This edited volume celebrates  a quarter-century's anniversary of the foundation of the Japan Association for Evolutionary Economics (JAFEE) and proposes the future perspectives of evolutionary economics on the grounds of its achievements in Japan. When JAFEE was founded in 1997, hundreds of ambitious non-neo-classical economists gathered in this forum to advance new directions of economic research. Succeeding in 2004, JAFEE launched an international academic journal, Evolutionary and Institutional Economics Review (EIER), which is now published by Springer.Evolutionary economics found rich soil for growth in Japan, where non-orthodox directions in economic theory and historical interest in the past masters' works occupied a solid portion of economics academism.
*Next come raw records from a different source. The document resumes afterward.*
definition msum :: "nat \<Rightarrow> nat \<Rightarrow> ('i \<Rightarrow> complex mat) \<Rightarrow> 'i set \<Rightarrow> complex mat" where
  "msum p q f I = mat p q (\<lambda>ij. \<Sum>x\<in>I. f x $$ ij)"

definition mrank :: "complex mat \<Rightarrow> nat" where
  "mrank A = vec_space.rank (dim_row A) A"

definition PT :: "nat \<Rightarrow> nat \<Rightarrow> (nat \<Rightarrow> complex mat) \<Rightarrow> complex mat" where
  "PT n r V = msum (n*n) (n*n)
     (\<lambda>(s,a,b,c,d). (V s $$ (a,b) * mcnj (V s) $$ (c,d)) \<cdot>\<^sub>m kron (munit n a c) (munit n b d))
     ({..<r} \<times> {..<n} \<times> {..<n} \<times> {..<n} \<times> {..<n})"

definition AT :: "nat \<Rightarrow> nat \<Rightarrow> (nat \<Rightarrow> complex mat) \<Rightarrow> complex mat" where
  "AT n r V = msum (r*n) (r*n)
     (\<lambda>(s,m). kron (munit r s m)
        (msum n n (\<lambda>i. V i * mcnj (V s) * transpose_mat (V m) * madj (V i)) {..<r}))
     ({..<r} \<times> {..<r})"

definition P1 :: "nat \<Rightarrow> complex mat \<Rightarrow> complex mat" where
  "P1 n P = kron P (1\<^sub>m n)"

definition P2 :: "nat \<Rightarrow> complex mat \<Rightarrow> complex mat" where
  "P2 n P = kron (1\<^sub>m n) P"

definition is_solution :: "nat \<Rightarrow> real \<Rightarrow> complex mat \<Rightarrow> bool" where
  "is_solution n Q P \<longleftrightarrow> P \<in> carrier_mat (n*n) (n*n) \<and> madj P = P \<and> P * P = P \<and>
     (complex_of_real Q)^2 \<cdot>\<^sub>m (P1 n P * P2 n P * P1 n P - P2 n P * P1 n P * P2 n P)
       = P1 n P - P2 n P"

definition trivial_sol :: "nat \<Rightarrow> complex mat \<Rightarrow> bool" where
  "trivial_sol n P \<longleftrightarrow> P = 0\<^sub>m (n*n) (n*n) \<or> P = kron (1\<^sub>m n) (1\<^sub>m n)"

definition nontrivial_solution :: "nat \<Rightarrow> real \<Rightarrow> complex mat \<Rightarrow> bool" where
  "nontrivial_solution n Q P \<longleftrightarrow> is_solution n Q P \<and> \<not> trivial_sol n P"

end

(*
  Let Vvec be the n^2 x r matrix whose columns are the row-major vectorisations of the V_s.
  Orthonormality of the V_s makes Vvec an isometry, so P_T = Vvec Vvec^* is an orthogonal
  projection.  Likewise P_1 = W W^* and P_2 = U U^* for isometries W, U from C^(rn) into C^(n^3),
  and A_T = U^* P_1 U is the compression of P_1 to the range of P_2.

  With q = Q^(-2) the system says P_1 P_2 P_1 - P_2 P_1 P_2 = q D, where D = P_1 - P_2.  Then
  A_T^2 = (1 + q) A_T - q, so all traces tr A_T^m are determined by tr A_T = tr P_1 P_2; and
  D^3 = (1 - q) D, so D^2/(1 - q) is a projection of the same rank as D, which gives
  (1 - q) rank D = tr D^2 = 2 (rn - tr P_1 P_2).

  For (b) put E = P_1 P_2 P_1 - P_2 P_1 P_2 - q D.  By cyclicity of the trace and idempotence,
  tr E^2 is a combination of tr A_T, tr A_T^2 and tr A_T^3 which vanishes under the hypothesis;
  as E is Hermitian, E = 0.  A trivial P_T would give P_1 = P_2 and hence tr A_T = rn, which
  Q > 1 and k > 0 exclude.
*)

theory Submission
  imports Defs
begin

section \<open>Index arithmetic and matrix algebra\<close>

lemma mult_add_less_mult:
  fixes x y a b :: nat
  assumes "x < a" "y < b"
  shows "x * b + y < a * b"
proof -
  have "x * b + y < (x + 1) * b" using assms(2) by simp
  also have "\<dots> \<le> a * b" using assms(1) by (intro mult_right_mono) auto
  finally show ?thesis .
qed

lemma less_mult_imp_mod_less:
  fixes m n i :: nat
  assumes "m < i * n"
  shows "m mod n < n"
  using assms by (cases "n = 0") auto

lemma mult_add_div_mod:
  fixes x y b :: nat
  assumes "y < b"
  shows "(x * b + y) div b = x" "(x * b + y) mod b = y"
  using assms by simp_all

lemma sum_lessThan_mult:
  fixes f :: "nat \<Rightarrow> 'a::comm_monoid_add"
  shows "(\<Sum>i<a * b. f i) = (\<Sum>x<a. \<Sum>y<b. f (x * b + y))"
proof -
  have "(\<Sum>y<b. f (x * b + y)) = sum f {x * b..<x * b + b}" for x
    using sum.shift_bounds_nat_ivl[of f 0 "x * b" b] by (simp add: atLeast0LessThan add.commute)
  then show ?thesis by (simp add: sum.nat_group[symmetric])
qed

lemma index_mult_mat_split:
  assumes "dim_col A = a * b" "dim_row B = a * b" "i < dim_row A" "j < dim_col B"
  shows "(A * B) $$ (i, j) = (\<Sum>x<a. \<Sum>y<b. A $$ (i, x * b + y) * B $$ (x * b + y, j))"
  using assms by (simp add: scalar_prod_def atLeast0LessThan sum_lessThan_mult)

lemma smult_smult_mat: "a \<cdot>\<^sub>m (b \<cdot>\<^sub>m A) = (a * b :: 'a::semiring_1) \<cdot>\<^sub>m A"
  by (rule eq_matI) (simp_all add: mult.assoc)

lemma smult_one_mat: "(1::'a::semiring_1) \<cdot>\<^sub>m A = A"
  by (rule eq_matI) simp_all

lemma smult_mat_eq_iff:
  fixes c :: "'a::field"
  assumes "c \<noteq> 0"
  shows "c \<cdot>\<^sub>m A = B \<longleftrightarrow> A = inverse c \<cdot>\<^sub>m B"
  using assms by (auto simp: smult_smult_mat smult_one_mat)

text \<open>The ring laws of matrices with dimension equations in place of carrier hypotheses,
  so that the simplifier can discharge them.\<close>

lemma mat_mult_assoc:
  "dim_col A = dim_row B \<Longrightarrow> dim_col B = dim_row C \<Longrightarrow> A * B * C = A * (B * C)"
  by (rule assoc_mult_mat[of A "dim_row A" "dim_col A" B "dim_col B" C "dim_col C"]) auto

lemma mat_mult_add_distrib_left:
  "dim_col A = dim_row B \<Longrightarrow> dim_row B = dim_row C \<Longrightarrow> dim_col B = dim_col C \<Longrightarrow>
   A * (B + C) = A * B + A * C"
  by (rule mult_add_distrib_mat[of A "dim_row A" "dim_col A" B "dim_col B"]) auto

lemma mat_mult_add_distrib_right:
  "dim_row A = dim_row B \<Longrightarrow> dim_col A = dim_col B \<Longrightarrow> dim_col A = dim_row C \<Longrightarrow>
   (A + B) * C = A * C + B * C"
  by (rule add_mult_distrib_mat[of A "dim_row A" "dim_col A" B C "dim_col C"]) auto

lemma mat_mult_diff_distrib_left:
  "dim_col A = dim_row B \<Longrightarrow> dim_row B = dim_row C \<Longrightarrow> dim_col B = dim_col C \<Longrightarrow>
   (A :: 'a::comm_ring mat) * (B - C) = A * B - A * C"
  by (rule mult_minus_distrib_mat[of A "dim_row A" "dim_col A" B "dim_col B"]) auto

lemma mat_mult_diff_distrib_right:
  "dim_row A = dim_row B \<Longrightarrow> dim_col A = dim_col B \<Longrightarrow> dim_col A = dim_row C \<Longrightarrow>
   ((A :: 'a::comm_ring mat) - B) * C = A * C - B * C"
  by (rule minus_mult_distrib_mat[of A "dim_row A" "dim_col A" B C "dim_col C"]) auto

lemma mat_smult_mult_left:
  "dim_col A = dim_row B \<Longrightarrow> (c \<cdot>\<^sub>m A) * B = (c::'a::comm_ring) \<cdot>\<^sub>m (A * B)"
  by (rule mult_smult_assoc_mat[of A "dim_row A" "dim_col A" B "dim_col B"]) auto

lemma mat_smult_mult_right:
  "dim_col A = dim_row B \<Longrightarrow> A * (c \<cdot>\<^sub>m B) = (c::'a::comm_ring) \<cdot>\<^sub>m (A * B)"
  by (rule mult_smult_distrib[of A "dim_row A" "dim_col A" B "dim_col B"]) auto

lemma diag_sum_mult_comm:
  fixes A B :: "'a::comm_semiring_0 mat"
  assumes "A \<in> carrier_mat n m" "B \<in> carrier_mat m n"
  shows "(\<Sum>i<n. (A * B) $$ (i, i)) = (\<Sum>j<m. (B * A) $$ (j, j))"
proof -
  have "(\<Sum>i<n. (A * B) $$ (i, i)) = (\<Sum>i<n. \<Sum>j<m. A $$ (i, j) * B $$ (j, i))"
    using assms by (simp add: scalar_prod_def atLeast0LessThan)
  also have "\<dots> = (\<Sum>j<m. \<Sum>i<n. B $$ (j, i) * A $$ (i, j))"
    by (subst sum.swap) (simp add: mult.commute)
  also have "\<dots> = (\<Sum>j<m. (B * A) $$ (j, j))"
    using assms by (simp add: scalar_prod_def atLeast0LessThan)
  finally show ?thesis .
qed

lemma mtrace_mult_comm:
  assumes "A \<in> carrier_mat n m" "B \<in> carrier_mat m n"
  shows "mtrace (A * B) = mtrace (B * A)"
proof -
  have "dim_row (A * B) = n" "dim_row (B * A) = m" using assms by auto
  then show ?thesis unfolding mtrace_def using diag_sum_mult_comm[OF assms] by (simp only:)
qed

lemma mtrace_one [simp]: "mtrace (1\<^sub>m k) = of_nat k"
  unfolding mtrace_def by simp

lemma mtrace_zero [simp]: "mtrace (0\<^sub>m k k) = 0"
  unfolding mtrace_def by simp

lemma mtrace_add:
  "dim_row A = dim_row B \<Longrightarrow> dim_col A = dim_col B \<Longrightarrow> dim_row A = dim_col A \<Longrightarrow>
   mtrace (A + B) = mtrace A + mtrace B"
  unfolding mtrace_def by (auto simp: sum.distrib)

lemma mtrace_diff:
  "dim_row A = dim_row B \<Longrightarrow> dim_col A = dim_col B \<Longrightarrow> dim_row A = dim_col A \<Longrightarrow>
   mtrace (A - B) = mtrace A - mtrace B"
  unfolding mtrace_def by (auto simp: sum_subtractf)

lemma mtrace_smult: "dim_row A = dim_col A \<Longrightarrow> mtrace (c \<cdot>\<^sub>m A) = c * mtrace A"
  unfolding mtrace_def by (auto simp: sum_distrib_left)

lemma madj_dim [simp]: "dim_row (madj A) = dim_col A" "dim_col (madj A) = dim_row A"
  unfolding madj_def by auto

lemma madj_index [simp]:
  "i < dim_col A \<Longrightarrow> j < dim_row A \<Longrightarrow> madj A $$ (i, j) = cnj (A $$ (j, i))"
  unfolding madj_def by auto

lemma madj_carrier: "A \<in> carrier_mat a b \<Longrightarrow> madj A \<in> carrier_mat b a"
  unfolding carrier_mat_def by simp

lemma madj_madj [simp]: "madj (madj A) = A"
  by (rule eq_matI) simp_all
Evolutionary economics in Japan has grown with the collaboration of non-neoclassical economics including Marxian and post-Keynesian economics, agent-based modeling, complexity studies, comparative economic systems, and studies in industrial evolution. Combining the renovation of classical value theory as the micro-foundation of evolutionary economics is one of its most conspicuous achievements. Experimental methods are also used in the artificial domain, regional studies (community currencies), and other domains. Further, evolutionary ideas stimulated comparative analysis of national economies in the development and system transition. 

The variety of chapters in this volume reflects the broad perspective and the multiplicity of approaches to evolutionary economics in Japan, which thus stimulates its worldwide advance.